Advertisement

France’s Nicolas Sarkozy seeks Group of 20 meeting on Japan

Share

French President Nicolas Sarkozy has called on leading economic powers to gather next month and discuss the global consequences of the earthquake, tsunami and nuclear threat that have plunged Japan, the world’s No. 3 economy, into crisis.

An emergency meeting of the Group of 20 economic and energy ministers was proposed by France on Monday night at a session of the Group of 8 powers in Paris. Monday’s meeting had been convened to craft a strategy for deterring bloodshed and unrest in Libya.

The G8 foreign ministers remained at odds about whether to impose a no-fly zone over Libya, where the superior armaments and air force of Libyan strongman Moammar Kadafi have driven back rebels fighting for an end to his 41-year-old authoritarian regime. Government forces have used air power to fire on the poorly armed and trained rebels, who had earlier captured important coastal cities and oil sites in the see-saw battle that has been raging for nearly a month.

Advertisement

The foreign ministers referred the no-fly zone debate to the United Nations Security Council, calling on the world body to reopen discussion on Libya and consider other measures to deter the use of force by Kadafi’s loyalists, Italian Foreign Minister Franco Frattini said after the Paris gathering.

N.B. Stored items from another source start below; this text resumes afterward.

lemma rho_nonneg: "0 \<le> rho N a b"
  unfolding rho_eq_integral_abs_frac by (intro integral_nonneg_AE) (simp add: abs_frac_nonneg)

lemma rho_commute: "rho N a b = rho N b a"
  unfolding rho_def by (simp add: abs_minus_commute)

lemma rho_cong_AE:
  assumes "a \<in> borel_measurable N" "a' \<in> borel_measurable N" "b \<in> borel_measurable N"
    and "AE x in N. a x = a' x"
  shows "rho N a b = rho N a' b"
  unfolding rho_eq_integral_abs_frac using assms by (intro integral_cong_AE) auto

lemma tendsto_rho_0_by_bound:
  assumes "\<And>k. rho N (a k) (b k) \<le> c k" "c \<longlonglongrightarrow> 0"
  shows "(\<lambda>k. rho N (a k) (b k)) \<longlonglongrightarrow> 0"
  using assms(2) by (rule Lim_null_comparison[rotated]) (simp add: rho_nonneg assms(1))

context finite_measure
begin

lemma integrable_abs_frac:
  "g \<in> borel_measurable M \<Longrightarrow> integrable M (\<lambda>x. abs_frac (g x))"
  by (intro integrable_const_bound[where B=1]) (auto simp: abs_frac_nonneg abs_frac_le_1)

lemma rho_le_integrals:
  assumes [measurable]: "a \<in> borel_measurable M" "b \<in> borel_measurable M"
    "c \<in> borel_measurable M" "d \<in> borel_measurable M"
    and "\<And>x. x \<in> space M \<Longrightarrow> \<bar>a x - b x\<bar> \<le> \<bar>c x\<bar> + \<bar>d x\<bar>"
  shows "rho M a b \<le> (\<integral>x. abs_frac (c x) \<partial>M) + (\<integral>x. abs_frac (d x) \<partial>M)"
proof -
  have "rho M a b \<le> (\<integral>x. abs_frac (c x) + abs_frac (d x) \<partial>M)"
    unfolding rho_eq_integral_abs_frac using assms(5)
    by (intro integral_mono integrable_abs_frac Bochner_Integration.integrable_add)
      (auto simp: abs_frac_subadditive)
  also have "\<dots> = (\<integral>x. abs_frac (c x) \<partial>M) + (\<integral>x. abs_frac (d x) \<partial>M)"
    by (intro Bochner_Integration.integral_add integrable_abs_frac) auto
  finally show ?thesis .
qed

lemma rho_triangle:
  assumes "a \<in> borel_measurable M" "b \<in> borel_measurable M" "c \<in> borel_measurable M"
  shows "rho M a c \<le> rho M a b + rho M b c"
  unfolding rho_eq_integral_abs_frac[of M a b] rho_eq_integral_abs_frac[of M b c]
  using assms by (intro rho_le_integrals) auto

lemma rho_max_le:
  assumes "a \<in> borel_measurable M" "b \<in> borel_measurable M"
    "c \<in> borel_measurable M" "d \<in> borel_measurable M"
  shows "rho M (\<lambda>x. max (a x) (b x)) (\<lambda>x. max (c x) (d x)) \<le> rho M a c + rho M b d"
  unfolding rho_eq_integral_abs_frac[of M a c] rho_eq_integral_abs_frac[of M b d]
  using assms by (intro rho_le_integrals) (auto simp: abs_if max_def)

lemma tendsto_rho_AE:
  assumes "\<And>k. s k \<in> borel_measurable M" "a \<in> borel_measurable M"
    and "AE x in M. (\<lambda>k. s k x) \<longlonglongrightarrow> a x"
  shows "(\<lambda>k. rho M (s k) a) \<longlonglongrightarrow> 0"
proof -
  have "(\<lambda>k. \<integral>x. abs_frac (s k x - a x) \<partial>M) \<longlonglongrightarrow> (\<integral>x. abs_frac (a x - a x) \<partial>M)"
  proof (rule integral_dominated_convergence[where w="\<lambda>x. 1"])
    show "AE x in M. (\<lambda>k. abs_frac (s k x - a x)) \<longlonglongrightarrow> abs_frac (a x - a x)"
      using assms(3) by eventually_elim (intro isCont_tendsto_compose[OF isCont_abs_frac] tendsto_intros)
  qed (use assms in \<open>auto simp: abs_frac_nonneg abs_frac_le_1\<close>)
  then show ?thesis
    by (simp add: rho_eq_integral_abs_frac abs_frac_def)
qed

lemma tendsto_rho_right:
  assumes "a \<in> borel_measurable M" "\<And>k. b k \<in> borel_measurable M" "h \<in> borel_measurable M"
    and "(\<lambda>k. rho M (b k) h) \<longlonglongrightarrow> 0"
  shows "(\<lambda>k. rho M a (b k)) \<longlonglongrightarrow> rho M a h"
proof -
  have "\<bar>rho M a (b k) - rho M a h\<bar> \<le> rho M (b k) h" for k
    using rho_triangle[of a "b k" h] rho_triangle[of a h "b k"] assms
    by (simp add: rho_commute[of M h])
  then have "(\<lambda>k. rho M a (b k) - rho M a h) \<longlonglongrightarrow> 0"
    by (intro Lim_null_comparison[OF _ assms(4)]) simp
  then show ?thesis
    by (simp add: LIM_zero_iff)
qed

lemma AE_tendsto_0_of_summable_integrals:
  assumes [measurable]: "\<And>m. G m \<in> borel_measurable M"
    and G01: "\<And>m x. 0 \<le> G m x" "\<And>m x. G m x \<le> 1"
    and summable: "summable (\<lambda>m. \<integral>x. G m x \<partial>M)"
  shows "AE x in M. (\<lambda>m. G m x) \<longlonglongrightarrow> (0::real)"
proof -
  have "0 \<le> (\<integral>x. G m x \<partial>M)" for m
    using G01 by (intro integral_nonneg_AE) auto
  then have "(\<Sum>m. ennreal (\<integral>x. G m x \<partial>M)) \<noteq> \<infinity>"
    using summable ennreal_suminf_neq_top by auto
  moreover have "(\<Sum>m. ennreal (\<integral>x. G m x \<partial>M)) = (\<integral>\<^sup>+x. (\<Sum>m. ennreal (G m x)) \<partial>M)"
    using G01 by (simp add: nn_integral_suminf nn_integral_eq_integral integrable_const_bound[where B=1])
  ultimately have "AE x in M. (\<Sum>m. ennreal (G m x)) \<noteq> \<infinity>"
    by (intro nn_integral_PInf_AE) auto
  then show ?thesis
    by eventually_elim (use G01 in \<open>auto intro: summable_LIMSEQ_zero summable_suminf_not_top\<close>)
qed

Attention instead turned to the mounting economic threats in Japan.

“President Sarkozy has proposed a meeting of G20 economy and energy ministers to discuss the impact of the earthquake on the global economy and the world energy system,” Frattini said.

Japan is also the world’s third-largest oil consumer, and demand could grow as the disaster-plagued nation seeks to replace lost nuclear power capacity. Nuclear energy supplied 30% of the island nation’s power needs before Friday’s 8.9-magnitude earthquake damaged a reactor complex in northeast Fukushima prefecture, forcing a shutdown of much of the national nuclear system. The earthquake and the devastating tsunami that followed knocked out the power supply to the cooling system at several of the reactors, triggering a series of hydrogen explosions and raising fears that a major accident and nuclear contamination could be looming.